Swift v. Swift

PUTNAM, J.

The practice adopted in this action is not to be commended. It was brought to recover dower in real estate occupied by defendant Charles H. Swift, and damages for withholding the same. The defendants appeared in the action, but served no answer. After the usual reference, commissioners were appointed, who made a report admeasuring plaintiff’s dower, dated July 30, 1892. The commissioners did not report on the question of damages. After such report was made, and before the entry of judgment, plaintiff applied for an order of reference to a referee to compute her damages. The order asked for was granted on the 26th day of November, 1892. It appeared that defendants had paid plaintiff for the use of her part of the premises up to April 1,1892; so that the only damage, if any, she was entitled to, was for the withholding her dower from that date until July 30, 1892, the date of the report of the commissioners.
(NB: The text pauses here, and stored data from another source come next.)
(* Let $\mathcal H$ be a separable complex Hilbert space, $A\in L(\mathcal H)^+$ and $B\in L(\mathcal H)$ with closed range. Then $B$ admits an $A$-inverse if and only if the pair $(A,R(B))$ is compatible.
   Context: $\|z\|_A=\langle Az,z\rangle^{1/2}$. $G\in L(\mathcal H)$ is an $A$-inverse of $B$ if for every $y\in\mathcal H$, $\|y-BGy\|_A\le\|y-Bx\|_A$ for all $x\in\mathcal H$. $(A,\mathcal S)$ is compatible if there exists $Q\in L(\mathcal H)$ with $Q^2=Q$, $R(Q)=\mathcal S$, $AQ=Q^*A$. *)

theory Defs
  imports "HOL-Analysis.Analysis"
begin

class complex_inner = real_normed_vector +
  fixes scaleC :: "complex \<Rightarrow> 'a \<Rightarrow> 'a"
    and cinner :: "'a \<Rightarrow> 'a \<Rightarrow> complex"
  assumes scaleC_add_left: "scaleC (a + b) x = scaleC a x + scaleC b x"
    and scaleC_add_right: "scaleC a (x + y) = scaleC a x + scaleC a y"
    and scaleC_scaleC: "scaleC a (scaleC b x) = scaleC (a * b) x"
    and scaleC_one: "scaleC 1 x = x"
    and scaleR_scaleC: "scaleR r x = scaleC (complex_of_real r) x"
    and cinner_commute: "cinner x y = cnj (cinner y x)"
    and cinner_add_left: "cinner (x + y) z = cinner x z + cinner y z"
    and cinner_scaleC_left: "cinner (scaleC c x) y = c * cinner x y"
    and cinner_self_real: "Im (cinner x x) = 0"
    and cinner_self_nonneg: "0 \<le> Re (cinner x x)"
    and cinner_self_zero: "cinner x x = 0 \<longleftrightarrow> x = 0"
    and norm_cinner: "norm x = sqrt (Re (cinner x x))"

class complex_hilbert = complex_inner + complete_space

definition separable_type :: "'a::topological_space itself \<Rightarrow> bool" where
  "separable_type _ \<longleftrightarrow> (\<exists>D::'a set. countable D \<and> closure D = UNIV)"

definition bounded_clinear :: "('a::complex_inner \<Rightarrow> 'b::complex_inner) \<Rightarrow> bool" where
  "bounded_clinear T \<longleftrightarrow> bounded_linear T \<and> (\<forall>c x. T (scaleC c x) = scaleC c (T x))"

text \<open>Hilbert adjoint (exists and is unique for bounded operators, by Riesz).\<close>

definition cadjoint :: "('a::complex_inner \<Rightarrow> 'a) \<Rightarrow> ('a \<Rightarrow> 'a)" where
  "cadjoint T = (SOME S. \<forall>x y. cinner (T x) y = cinner x (S y))"

definition positive_op :: "('a::complex_inner \<Rightarrow> 'a) \<Rightarrow> bool" where
  "positive_op A \<longleftrightarrow> bounded_clinear A \<and>
     (\<forall>x. Im (cinner (A x) x) = 0 \<and> 0 \<le> Re (cinner (A x) x))"

definition A_norm :: "('a::complex_inner \<Rightarrow> 'a) \<Rightarrow> 'a \<Rightarrow> real" where
  "A_norm A z = sqrt (Re (cinner (A z) z))"

definition is_A_inverse :: "('a::complex_inner \<Rightarrow> 'a) \<Rightarrow> ('a \<Rightarrow> 'a) \<Rightarrow> ('a \<Rightarrow> 'a) \<Rightarrow> bool" where
  "is_A_inverse A B G \<longleftrightarrow> bounded_clinear G \<and>
     (\<forall>y x. A_norm A (y - B (G y)) \<le> A_norm A (y - B x))"

definition compatible :: "('a::complex_inner \<Rightarrow> 'a) \<Rightarrow> 'a set \<Rightarrow> bool" where
  "compatible A S \<longleftrightarrow> (\<exists>Q. bounded_clinear Q \<and> Q \<circ> Q = Q \<and> range Q = S \<and>
      A \<circ> Q = cadjoint Q \<circ> A)"

end

theory Submission
  imports Defs
begin

text \<open>If \<open>G\<close> is an \<open>A\<close>-inverse of \<open>B\<close>, minimality of the residual \<open>y - B (G y)\<close> makes it
  \<open>A\<close>-orthogonal to \<open>R(B)\<close>. Then \<open>Q y = B (G y) + P y'\<close>, where \<open>P\<close> is the orthogonal projection
  onto \<open>R(B) \<inter> N(A)\<close> and \<open>y' = y - B (G y)\<close>, is an idempotent with range \<open>R(B)\<close> which is
  selfadjoint for the semi-inner product \<open>\<langle>A_,_\<rangle>\<close>, i.e. \<open>AQ = Q\<^sup>*A\<close>.
  Conversely, if \<open>Q\<close> is such a projection, then \<open>y - Q y\<close> is \<open>A\<close>-orthogonal to \<open>R(B)\<close>, so \<open>Q y\<close> is an
  \<open>A\<close>-closest point of \<open>R(B)\<close> to \<open>y\<close> by Pythagoras. It remains to lift \<open>Q\<close> through \<open>B\<close> to a bounded
  \<open>G\<close> with \<open>BG = Q\<close>; this is where the closed range enters, via the open mapping theorem
  and the projection onto \<open>N(B)\<^sup>\<bottom>\<close>.\<close>

section \<open>Complex inner product spaces\<close>

lemma cinner_zero_left [simp]: "cinner 0 (y::'a::complex_inner) = 0"
  using cinner_add_left[of "0::'a" 0 y] by simp

lemma cinner_add_right: "cinner (x::'a::complex_inner) (y + z) = cinner x y + cinner x z"
  using cinner_commute[of x "y + z"] cinner_commute[of x y] cinner_commute[of x z]
  by (simp add: cinner_add_left)

lemma cinner_zero_right [simp]: "cinner (x::'a::complex_inner) 0 = 0"
  using cinner_commute[of x 0] by simp

lemma cinner_minus_left: "cinner (- x) (y::'a::complex_inner) = - cinner x y"
  using cinner_add_left[of x "-x" y] by (simp add: eq_neg_iff_add_eq_0 add.commute)

lemma cinner_diff_left: "cinner (x - z) (y::'a::complex_inner) = cinner x y - cinner z y"
  unfolding diff_conv_add_uminus by (simp only: cinner_add_left cinner_minus_left)

lemma cinner_minus_right: "cinner (x::'a::complex_inner) (- y) = - cinner x y"
  using cinner_commute[of x "- y"] cinner_commute[of x y] by (simp add: cinner_minus_left)

lemma cinner_diff_right: "cinner (x::'a::complex_inner) (y - z) = cinner x y - cinner x z"
  unfolding diff_conv_add_uminus by (simp only: cinner_add_right cinner_minus_right)

lemma cinner_scaleC_right: "cinner (x::'a::complex_inner) (scaleC c y) = cnj c * cinner x y"
  using cinner_commute[of x "scaleC c y"] cinner_commute[of x y] by (simp add: cinner_scaleC_left)

lemma cinner_scaleR_left: "cinner (scaleR r x) (y::'a::complex_inner) = of_real r * cinner x y"
  by (simp add: scaleR_scaleC cinner_scaleC_left)

lemma power2_norm_eq_cinner: "(norm (x::'a::complex_inner))\<^sup>2 = Re (cinner x x)"
  by (simp add: norm_cinner cinner_self_nonneg)

lemma cinner_self_eq_power2_norm: "cinner (x::'a::complex_inner) x = complex_of_real ((norm x)\<^sup>2)"
  by (simp add: power2_norm_eq_cinner complex_eq_iff cinner_self_real)

lemma Re_cinner_commute: "Re (cinner (x::'a::complex_inner) y) = Re (cinner y x)"
  by (subst cinner_commute) simp

lemma power2_norm_add:
  "(norm ((x::'a::complex_inner) + y))\<^sup>2 = (norm x)\<^sup>2 + (norm y)\<^sup>2 + 2 * Re (cinner x y)"
  by (simp add: power2_norm_eq_cinner cinner_add_left cinner_add_right Re_cinner_commute[of y x])

lemma parallelogram_law:
  "(norm ((a::'a::complex_inner) + b))\<^sup>2 + (norm (a - b))\<^sup>2 = 2 * (norm a)\<^sup>2 + 2 * (norm b)\<^sup>2"
  by (simp add: power2_norm_eq_cinner cinner_add_left cinner_add_right cinner_diff_left
      cinner_diff_right)

lemma cinner_extensionality_right:
  assumes "\<And>z. cinner z a = cinner z (b::'a::complex_inner)"
  shows "a = b"
proof -
  have "cinner (a - b) (a - b) = 0"
    using assms[of "a - b"] by (simp add: cinner_diff_right)
  thus ?thesis using cinner_self_zero[of "a - b"] by simp
qed

lemma scaleC_zero_left [simp]: "scaleC 0 (x::'a::complex_inner) = 0"
  using scaleC_add_left[of 0 0 x] by simp

lemma scaleC_zero_right [simp]: "scaleC c (0::'a::complex_inner) = 0"
  using scaleC_add_right[of c "0::'a" 0] by simp

lemma scaleC_minus_right: "scaleC c (- x::'a::complex_inner) = - scaleC c x"
  using scaleC_add_right[of c x "-x"] by (simp add: eq_neg_iff_add_eq_0 add.commute)

lemma scaleC_diff_right: "scaleC c (x - y::'a::complex_inner) = scaleC c x - scaleC c y"
  unfolding diff_conv_add_uminus by (simp only: scaleC_add_right scaleC_minus_right)

lemma scaleC_minus1_left: "scaleC (-1) (x::'a::complex_inner) = - x"
  using scaleC_add_left[of 1 "-1" x] by (simp add: scaleC_one eq_neg_iff_add_eq_0 add.commute)

lemma norm_scaleC: "norm (scaleC c (x::'a::complex_inner)) = cmod c * norm x"
proof -
  have "cinner (scaleC c x) (scaleC c x) = (c * cnj c) * cinner x x"
    by (simp add: cinner_scaleC_left cinner_scaleC_right mult.assoc)
  also have "\<dots> = of_real ((cmod c)\<^sup>2 * (norm x)\<^sup>2)"
    by (simp only: complex_norm_square[symmetric] cinner_self_eq_power2_norm of_real_mult)
  finally have "(norm (scaleC c x))\<^sup>2 = (cmod c * norm x)\<^sup>2"
    by (simp add: power2_norm_eq_cinner power_mult_distrib)
  thus ?thesis by (rule power2_eq_imp_eq) auto
qed

lemma Cauchy_Schwarz_cinner: "cmod (cinner (x::'a::complex_inner) y) \<le> norm x * norm y"
proof (cases "y = 0")
  case True
  thus ?thesis by simp
next
  case False
  define c where "c = cinner x y / cinner y y"
  define z where "z = x - scaleC c y"
  have yy: "cinner y y \<noteq> 0" using False cinner_self_zero[of y] by simp
  have "cinner z y = 0"
    unfolding z_def c_def using yy by (simp add: cinner_diff_left cinner_scaleC_left)
  hence "(norm x)\<^sup>2 = (norm z)\<^sup>2 + (cmod c * norm y)\<^sup>2"
    using power2_norm_add[of z "scaleC c y"]
    by (simp add: z_def cinner_scaleC_right norm_scaleC)
  hence "(cmod c * norm y)\<^sup>2 \<le> (norm x)\<^sup>2" by simp
  hence cx: "cmod c * norm y \<le> norm x" by (rule power2_le_imp_le) simp
  have "cmod (cinner x y) = cmod c * cmod (cinner y y)"
    using yy by (simp add: c_def norm_divide)
  also have "\<dots> = (cmod c * norm y) * norm y"
    by (simp add: cinner_self_eq_power2_norm power2_eq_square norm_mult)
  also have "\<dots> \<le> norm x * norm y" using cx by (rule mult_right_mono) simp
  finally show ?thesis .
qed

lemma bounded_linear_cinner_left: "bounded_linear (\<lambda>x::'a::complex_inner. cinner x y)"
  by (rule bounded_linear_intro[where K="norm y"])
     (auto simp: cinner_add_left cinner_scaleR_left Cauchy_Schwarz_cinner scaleR_conv_of_real)

definition csubspace :: "'a::complex_inner set \<Rightarrow> bool" where
  "csubspace M \<longleftrightarrow> 0 \<in> M \<and> (\<forall>x\<in>M. \<forall>y\<in>M. x + y \<in> M) \<and> (\<forall>c. \<forall>x\<in>M. scaleC c x \<in> M)"

lemma csubspace_0: "csubspace M \<Longrightarrow> 0 \<in> M"
  by (simp add: csubspace_def)

lemma csubspace_add: "csubspace M \<Longrightarrow> x \<in> M \<Longrightarrow> y \<in> M \<Longrightarrow> x + y \<in> M"
  by (simp add: csubspace_def)

lemma csubspace_scaleC: "csubspace M \<Longrightarrow> x \<in> M \<Longrightarrow> scaleC c x \<in> M"
  by (simp add: csubspace_def)

lemma csubspace_diff: "csubspace M \<Longrightarrow> x \<in> M \<Longrightarrow> y \<in> M \<Longrightarrow> x - y \<in> M"
  by (metis csubspace_add csubspace_scaleC scaleC_minus1_left diff_conv_add_uminus)

lemma csubspace_scaleR: "csubspace M \<Longrightarrow> x \<in> M \<Longrightarrow> scaleR r x \<in> M"
  by (simp add: csubspace_scaleC scaleR_scaleC)

lemma csubspace_Int: "csubspace M \<Longrightarrow> csubspace N \<Longrightarrow> csubspace (M \<inter> N)"
  by (simp add: csubspace_def)

definition hermitian :: "('a::complex_inner \<Rightarrow> 'a) \<Rightarrow> bool" where
  "hermitian A \<longleftrightarrow> (\<forall>x y. cinner (A x) y = cinner x (A y))"

lemma cinner_expand_quadratic:
  fixes A :: "'a::complex_inner \<Rightarrow> 'a"
  assumes "linear A"
  shows "cinner (A (u + v)) (u + v) = cinner (A u) u + cinner (A u) v + cinner (A v) u + cinner (A v) v"
  by (simp add: linear_add[OF assms] cinner_add_left cinner_add_right)

lemma hermitian_if_quadratic_real:
  fixes A :: "'a::complex_inner \<Rightarrow> 'a"
  assumes lin: "linear A" and hom: "\<And>c x. A (scaleC c x) = scaleC c (A x)"
    and real: "\<And>x. Im (cinner (A x) x) = 0"
  shows "hermitian A"
  unfolding hermitian_def
proof (intro allI)
  fix x y
  have "Im (cinner (A x) y + cinner (A y) x) = 0"
    using real[of "x + y"] real[of x] real[of y] cinner_expand_quadratic[OF lin, of x y] by simp
  moreover have "Re (cinner (A y) x) - Re (cinner (A x) y) = 0"
    using real[of "x + scaleC \<i> y"] real[of x] real[of y]
      cinner_expand_quadratic[OF lin, of x "scaleC \<i> y"]
    by (simp add: hom cinner_scaleC_left cinner_scaleC_right)
  ultimately have "cinner (A x) y = cnj (cinner (A y) x)" by (simp add: complex_eq_iff)
  thus "cinner (A x) y = cinner x (A y)" by (simp add: cinner_commute[of x])
qed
It is claimed by plaintiff that, defendants not having answered or set up any counterclaim, the referee, to compute damages for the withholding of plaintiff’s dower, erred in receiving evidence tending to show a counterclaim offered by defendants, and in acting upon such evidence. But it will be observed that the order of reference which, plaintiff obtained provided that the referee was authorized to determine whether plaintiff’s damages, .“if any, were taken into consideration by the commissioners heretofore appointed herein for admeasurement of plaintiff’s dower in said premises, and whether such commissioners made plaintiff due and full compensation for such damages in their award.” And the referee reported as follows:

“That said commissioners took into consideration the farm as it stood when the division was made, as to the crops being on the land or off, and made plaintiff due, full, complete, and adequate compensation for any and all inequalities which existed in the land set apart to her by reason of hay or pasture being removed therefrom, and any and all damages which she sustained by reason of the dower being withheld from her in said farm by the defendant Charles H. Swift from April 1, 1S92, to the time such division was made.”

We are of opinion that the evidence sustained this finding of the referee, and that, under the order of reference which was obtained and entered by the plaintiff, the referee was authorized to receive evidence as to the action and finding of the commissioners, although the latter made no formal report on the question of plaintiff’s damages. We think, therefore, that the conclusion reached by the referee against plaintiff’s claim for damages for withholding *854her dower for the three months in question was right, and should be sustained. The commissioners had considered her claim, and compensated her, and the order of reference which plaintiff obtained allowed the referee to consider the action of the commissioners.

On the report of the referee disallowing plaintiff’s claim, defendants entered a separate judgment for costs, as if a separate action were pending for damages. The judgment was afterwards set aside by the court. Afterwards the plaintiff entered a final judgment in favor of herself for the admeasurement of her dower,- with costs. This judgment contained no provisions in reference to plaintiff’s claim for damages. The defendants then made a motion that the report of the referee denying plaintiff’s claim for damages be-confirmed, and that the costs of such motion, which were taxed at $159.53, be set off against plaintiff’s costs in the final judgment. The motion was granted, and the order made, from which this appeal is taken.

The proper procedure would have been, when the final judgment was entered; to have deducted such motion costs as defendants were entitled to from the amount of plaintiff’s claim, and also to have inserted in the judgment a clause denying plaintiff’s claim for damages. But, the judgment containing no provisions in regard to the claim of plaintiff for damage or for the costs of the defendants on the motion, we see no legal objection to the remedying of the omission by the order in question. It may be regarded as an amendment of the judgment.

• We think, however, there was an error in the amount of costs allowed. No answer was served. There was no issue. Hence defendants were only entitled to motion costs, $10; referee’s fees, $80; witnesses’ fees, $3.10; and postage, 24 cents,—in all, $93.34.

The order should be modified accordingly, and, as modified, affirmed, without costs to either party.

FURSMAN, J., concurs. HERRICK, J., not acting.